▼▼▼
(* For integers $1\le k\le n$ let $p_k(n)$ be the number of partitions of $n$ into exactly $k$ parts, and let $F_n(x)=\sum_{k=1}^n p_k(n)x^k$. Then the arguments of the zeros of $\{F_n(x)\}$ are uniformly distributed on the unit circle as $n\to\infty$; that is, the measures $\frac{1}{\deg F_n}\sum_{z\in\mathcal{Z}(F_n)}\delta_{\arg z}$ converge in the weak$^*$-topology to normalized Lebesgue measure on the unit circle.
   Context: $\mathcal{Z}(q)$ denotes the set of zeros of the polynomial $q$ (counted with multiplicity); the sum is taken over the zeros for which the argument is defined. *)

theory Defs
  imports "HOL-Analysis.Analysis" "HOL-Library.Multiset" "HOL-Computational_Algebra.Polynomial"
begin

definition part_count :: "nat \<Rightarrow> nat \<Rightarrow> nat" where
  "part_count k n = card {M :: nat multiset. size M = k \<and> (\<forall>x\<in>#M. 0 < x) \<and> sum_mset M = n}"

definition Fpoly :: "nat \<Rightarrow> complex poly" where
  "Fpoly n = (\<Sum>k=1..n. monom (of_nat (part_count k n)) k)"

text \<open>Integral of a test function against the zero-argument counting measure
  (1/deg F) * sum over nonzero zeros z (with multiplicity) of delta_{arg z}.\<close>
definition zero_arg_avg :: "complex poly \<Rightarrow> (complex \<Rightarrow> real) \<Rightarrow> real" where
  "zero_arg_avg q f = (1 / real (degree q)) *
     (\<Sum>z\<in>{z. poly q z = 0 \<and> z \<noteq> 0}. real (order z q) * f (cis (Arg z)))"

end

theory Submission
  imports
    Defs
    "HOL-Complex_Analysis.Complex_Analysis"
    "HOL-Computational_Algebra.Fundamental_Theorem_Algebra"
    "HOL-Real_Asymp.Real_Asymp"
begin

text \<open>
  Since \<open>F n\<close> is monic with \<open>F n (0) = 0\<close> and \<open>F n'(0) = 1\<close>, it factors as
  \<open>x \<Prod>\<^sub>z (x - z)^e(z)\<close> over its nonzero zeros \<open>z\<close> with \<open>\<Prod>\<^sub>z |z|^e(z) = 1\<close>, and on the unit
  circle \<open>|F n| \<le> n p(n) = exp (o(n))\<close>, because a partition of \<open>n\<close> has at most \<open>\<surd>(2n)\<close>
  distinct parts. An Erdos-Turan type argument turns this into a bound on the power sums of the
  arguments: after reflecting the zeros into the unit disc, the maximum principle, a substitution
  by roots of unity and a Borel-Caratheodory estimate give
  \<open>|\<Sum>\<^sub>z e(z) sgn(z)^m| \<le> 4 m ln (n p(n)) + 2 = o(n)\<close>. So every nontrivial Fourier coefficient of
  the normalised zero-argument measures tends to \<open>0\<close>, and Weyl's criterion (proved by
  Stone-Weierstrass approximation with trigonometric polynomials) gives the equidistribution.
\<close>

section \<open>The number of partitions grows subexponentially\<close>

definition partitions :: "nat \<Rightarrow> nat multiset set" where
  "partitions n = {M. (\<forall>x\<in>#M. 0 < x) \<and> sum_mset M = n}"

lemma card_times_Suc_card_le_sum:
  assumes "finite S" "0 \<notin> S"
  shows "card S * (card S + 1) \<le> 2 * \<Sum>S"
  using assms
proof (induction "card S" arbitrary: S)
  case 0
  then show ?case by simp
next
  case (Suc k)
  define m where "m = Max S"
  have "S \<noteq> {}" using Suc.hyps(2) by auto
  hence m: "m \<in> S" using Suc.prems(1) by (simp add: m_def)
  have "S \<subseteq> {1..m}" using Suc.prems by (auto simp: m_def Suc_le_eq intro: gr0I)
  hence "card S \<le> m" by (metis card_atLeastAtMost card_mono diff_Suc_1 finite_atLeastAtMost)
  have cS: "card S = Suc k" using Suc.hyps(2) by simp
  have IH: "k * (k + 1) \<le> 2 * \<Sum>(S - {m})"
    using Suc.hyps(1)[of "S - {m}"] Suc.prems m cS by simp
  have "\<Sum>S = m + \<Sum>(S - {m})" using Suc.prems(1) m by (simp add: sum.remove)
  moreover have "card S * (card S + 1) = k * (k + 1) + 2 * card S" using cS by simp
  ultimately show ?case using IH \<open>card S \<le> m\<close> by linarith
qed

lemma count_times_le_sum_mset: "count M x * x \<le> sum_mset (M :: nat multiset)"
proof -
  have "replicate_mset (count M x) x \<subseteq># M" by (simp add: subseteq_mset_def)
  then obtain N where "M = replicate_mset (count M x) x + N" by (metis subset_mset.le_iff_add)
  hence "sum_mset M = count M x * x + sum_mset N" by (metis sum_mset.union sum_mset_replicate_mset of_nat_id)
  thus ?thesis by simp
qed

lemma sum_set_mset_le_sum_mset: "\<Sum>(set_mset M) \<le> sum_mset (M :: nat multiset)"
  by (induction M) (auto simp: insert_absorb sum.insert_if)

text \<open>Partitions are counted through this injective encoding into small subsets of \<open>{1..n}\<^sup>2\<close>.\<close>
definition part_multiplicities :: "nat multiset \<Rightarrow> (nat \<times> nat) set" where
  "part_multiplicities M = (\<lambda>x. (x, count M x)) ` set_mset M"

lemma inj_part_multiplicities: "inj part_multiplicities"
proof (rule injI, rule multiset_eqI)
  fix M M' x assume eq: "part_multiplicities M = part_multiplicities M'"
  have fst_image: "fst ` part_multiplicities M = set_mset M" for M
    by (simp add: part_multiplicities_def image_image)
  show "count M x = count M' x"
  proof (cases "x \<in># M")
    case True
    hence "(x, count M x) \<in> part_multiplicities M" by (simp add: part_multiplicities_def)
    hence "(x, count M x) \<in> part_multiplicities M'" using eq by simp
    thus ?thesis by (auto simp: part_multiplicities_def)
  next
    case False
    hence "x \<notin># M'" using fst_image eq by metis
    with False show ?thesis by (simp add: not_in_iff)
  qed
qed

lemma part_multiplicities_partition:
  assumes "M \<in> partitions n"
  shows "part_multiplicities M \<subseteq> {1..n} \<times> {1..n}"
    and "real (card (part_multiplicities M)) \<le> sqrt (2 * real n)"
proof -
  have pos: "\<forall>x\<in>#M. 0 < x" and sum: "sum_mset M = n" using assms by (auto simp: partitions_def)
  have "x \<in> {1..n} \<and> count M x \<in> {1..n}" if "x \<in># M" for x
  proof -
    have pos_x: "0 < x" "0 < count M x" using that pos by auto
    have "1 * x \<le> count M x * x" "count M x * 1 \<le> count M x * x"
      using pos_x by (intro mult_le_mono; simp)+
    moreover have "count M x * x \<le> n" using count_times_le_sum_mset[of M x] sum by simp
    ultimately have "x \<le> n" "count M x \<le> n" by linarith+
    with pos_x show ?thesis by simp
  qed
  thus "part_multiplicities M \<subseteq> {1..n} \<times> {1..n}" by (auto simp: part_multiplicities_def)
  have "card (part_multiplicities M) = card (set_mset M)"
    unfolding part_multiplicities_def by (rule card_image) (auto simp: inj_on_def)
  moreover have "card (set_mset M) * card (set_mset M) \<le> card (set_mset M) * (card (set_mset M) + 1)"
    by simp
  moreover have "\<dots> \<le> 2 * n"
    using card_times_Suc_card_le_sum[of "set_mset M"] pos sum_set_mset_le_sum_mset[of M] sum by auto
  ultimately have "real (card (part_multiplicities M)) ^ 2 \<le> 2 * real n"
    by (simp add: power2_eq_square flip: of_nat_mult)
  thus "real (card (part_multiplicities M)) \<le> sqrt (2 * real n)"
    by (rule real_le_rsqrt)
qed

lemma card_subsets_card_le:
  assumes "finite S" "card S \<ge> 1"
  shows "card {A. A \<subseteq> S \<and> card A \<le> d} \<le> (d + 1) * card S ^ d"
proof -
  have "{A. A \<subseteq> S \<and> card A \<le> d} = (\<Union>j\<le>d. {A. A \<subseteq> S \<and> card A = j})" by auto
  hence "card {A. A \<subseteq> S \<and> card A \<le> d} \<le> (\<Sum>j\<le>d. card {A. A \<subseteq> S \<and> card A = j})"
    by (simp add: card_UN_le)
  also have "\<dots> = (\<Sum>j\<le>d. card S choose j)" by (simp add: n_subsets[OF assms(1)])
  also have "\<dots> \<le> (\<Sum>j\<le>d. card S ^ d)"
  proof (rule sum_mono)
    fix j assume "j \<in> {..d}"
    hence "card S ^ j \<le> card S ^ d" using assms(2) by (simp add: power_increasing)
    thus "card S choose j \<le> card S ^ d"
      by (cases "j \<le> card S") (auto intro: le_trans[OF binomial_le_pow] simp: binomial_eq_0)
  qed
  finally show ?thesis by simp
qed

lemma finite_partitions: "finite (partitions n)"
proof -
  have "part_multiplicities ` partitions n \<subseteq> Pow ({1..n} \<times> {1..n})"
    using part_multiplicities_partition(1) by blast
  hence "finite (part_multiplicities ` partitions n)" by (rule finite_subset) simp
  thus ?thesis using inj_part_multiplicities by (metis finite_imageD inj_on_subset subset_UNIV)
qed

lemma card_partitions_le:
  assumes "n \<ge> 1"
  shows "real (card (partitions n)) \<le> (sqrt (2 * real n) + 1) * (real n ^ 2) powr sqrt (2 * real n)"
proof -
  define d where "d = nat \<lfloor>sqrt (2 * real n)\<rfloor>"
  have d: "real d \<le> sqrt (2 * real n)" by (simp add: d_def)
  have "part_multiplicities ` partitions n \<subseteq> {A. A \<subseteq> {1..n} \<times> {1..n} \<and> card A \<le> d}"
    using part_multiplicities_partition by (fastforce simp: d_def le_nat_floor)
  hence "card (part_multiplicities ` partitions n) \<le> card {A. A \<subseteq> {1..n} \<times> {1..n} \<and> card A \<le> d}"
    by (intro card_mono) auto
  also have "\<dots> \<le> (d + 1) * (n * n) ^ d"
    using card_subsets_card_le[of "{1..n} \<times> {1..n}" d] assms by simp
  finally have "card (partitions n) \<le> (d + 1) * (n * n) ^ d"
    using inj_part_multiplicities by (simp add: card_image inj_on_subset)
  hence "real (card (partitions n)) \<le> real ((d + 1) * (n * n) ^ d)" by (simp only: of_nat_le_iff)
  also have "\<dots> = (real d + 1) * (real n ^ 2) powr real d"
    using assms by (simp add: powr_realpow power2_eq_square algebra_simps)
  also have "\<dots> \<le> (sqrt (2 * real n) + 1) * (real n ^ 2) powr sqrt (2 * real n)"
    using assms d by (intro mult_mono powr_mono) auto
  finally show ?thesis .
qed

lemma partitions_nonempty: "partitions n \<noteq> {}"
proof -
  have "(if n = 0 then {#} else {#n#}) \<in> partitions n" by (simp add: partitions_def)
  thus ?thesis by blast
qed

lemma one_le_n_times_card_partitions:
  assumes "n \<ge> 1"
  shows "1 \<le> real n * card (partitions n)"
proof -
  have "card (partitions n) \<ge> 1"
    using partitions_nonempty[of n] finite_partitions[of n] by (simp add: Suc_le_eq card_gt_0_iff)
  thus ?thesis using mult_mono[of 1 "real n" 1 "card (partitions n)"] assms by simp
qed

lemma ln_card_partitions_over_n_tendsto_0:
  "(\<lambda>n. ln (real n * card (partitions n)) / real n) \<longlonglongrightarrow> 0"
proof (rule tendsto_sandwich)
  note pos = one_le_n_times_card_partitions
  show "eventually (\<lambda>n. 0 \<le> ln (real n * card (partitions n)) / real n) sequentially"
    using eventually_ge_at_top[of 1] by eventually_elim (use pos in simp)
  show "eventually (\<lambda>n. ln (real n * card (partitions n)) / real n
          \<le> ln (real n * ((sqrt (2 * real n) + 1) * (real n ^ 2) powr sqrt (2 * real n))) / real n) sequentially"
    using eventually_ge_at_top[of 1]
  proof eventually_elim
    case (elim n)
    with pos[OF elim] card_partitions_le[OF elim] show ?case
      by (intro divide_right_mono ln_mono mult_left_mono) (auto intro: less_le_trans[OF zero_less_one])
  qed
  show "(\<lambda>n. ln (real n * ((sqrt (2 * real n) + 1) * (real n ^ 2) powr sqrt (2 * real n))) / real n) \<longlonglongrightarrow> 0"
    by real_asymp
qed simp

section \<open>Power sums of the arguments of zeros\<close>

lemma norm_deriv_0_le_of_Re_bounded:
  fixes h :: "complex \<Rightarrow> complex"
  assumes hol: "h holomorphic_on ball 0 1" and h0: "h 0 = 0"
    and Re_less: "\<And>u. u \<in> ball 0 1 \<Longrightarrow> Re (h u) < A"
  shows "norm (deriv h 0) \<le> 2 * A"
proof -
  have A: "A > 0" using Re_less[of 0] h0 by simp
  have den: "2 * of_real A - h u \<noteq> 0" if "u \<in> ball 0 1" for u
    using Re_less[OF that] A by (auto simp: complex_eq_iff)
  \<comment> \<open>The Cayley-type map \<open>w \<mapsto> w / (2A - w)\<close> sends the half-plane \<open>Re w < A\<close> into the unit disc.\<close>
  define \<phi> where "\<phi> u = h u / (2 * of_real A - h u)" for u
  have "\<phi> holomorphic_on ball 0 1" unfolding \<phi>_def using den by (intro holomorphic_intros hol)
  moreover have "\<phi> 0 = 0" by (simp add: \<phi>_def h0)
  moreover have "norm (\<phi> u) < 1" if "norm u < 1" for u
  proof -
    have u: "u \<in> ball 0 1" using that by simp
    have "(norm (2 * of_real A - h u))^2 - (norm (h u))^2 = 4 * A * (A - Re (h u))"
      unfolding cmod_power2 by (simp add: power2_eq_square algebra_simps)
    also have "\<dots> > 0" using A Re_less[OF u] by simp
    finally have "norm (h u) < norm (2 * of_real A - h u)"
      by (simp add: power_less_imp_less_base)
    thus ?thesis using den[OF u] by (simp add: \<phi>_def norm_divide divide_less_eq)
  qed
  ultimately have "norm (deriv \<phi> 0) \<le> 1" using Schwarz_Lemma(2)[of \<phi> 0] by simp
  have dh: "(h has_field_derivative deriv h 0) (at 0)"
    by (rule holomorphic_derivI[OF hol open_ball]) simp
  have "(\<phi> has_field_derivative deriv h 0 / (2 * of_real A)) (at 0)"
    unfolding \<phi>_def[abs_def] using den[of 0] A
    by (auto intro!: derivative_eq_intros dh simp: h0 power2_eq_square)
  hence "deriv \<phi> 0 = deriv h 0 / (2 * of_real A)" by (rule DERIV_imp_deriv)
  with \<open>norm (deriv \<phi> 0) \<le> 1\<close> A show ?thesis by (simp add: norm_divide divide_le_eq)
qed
▲▲▲
▸ **WHAT IS EXPECTED**: Give only the number of lines in the data that hold the string "definition".

▸ **SOLUTION TO THIS PROBLEM**: 5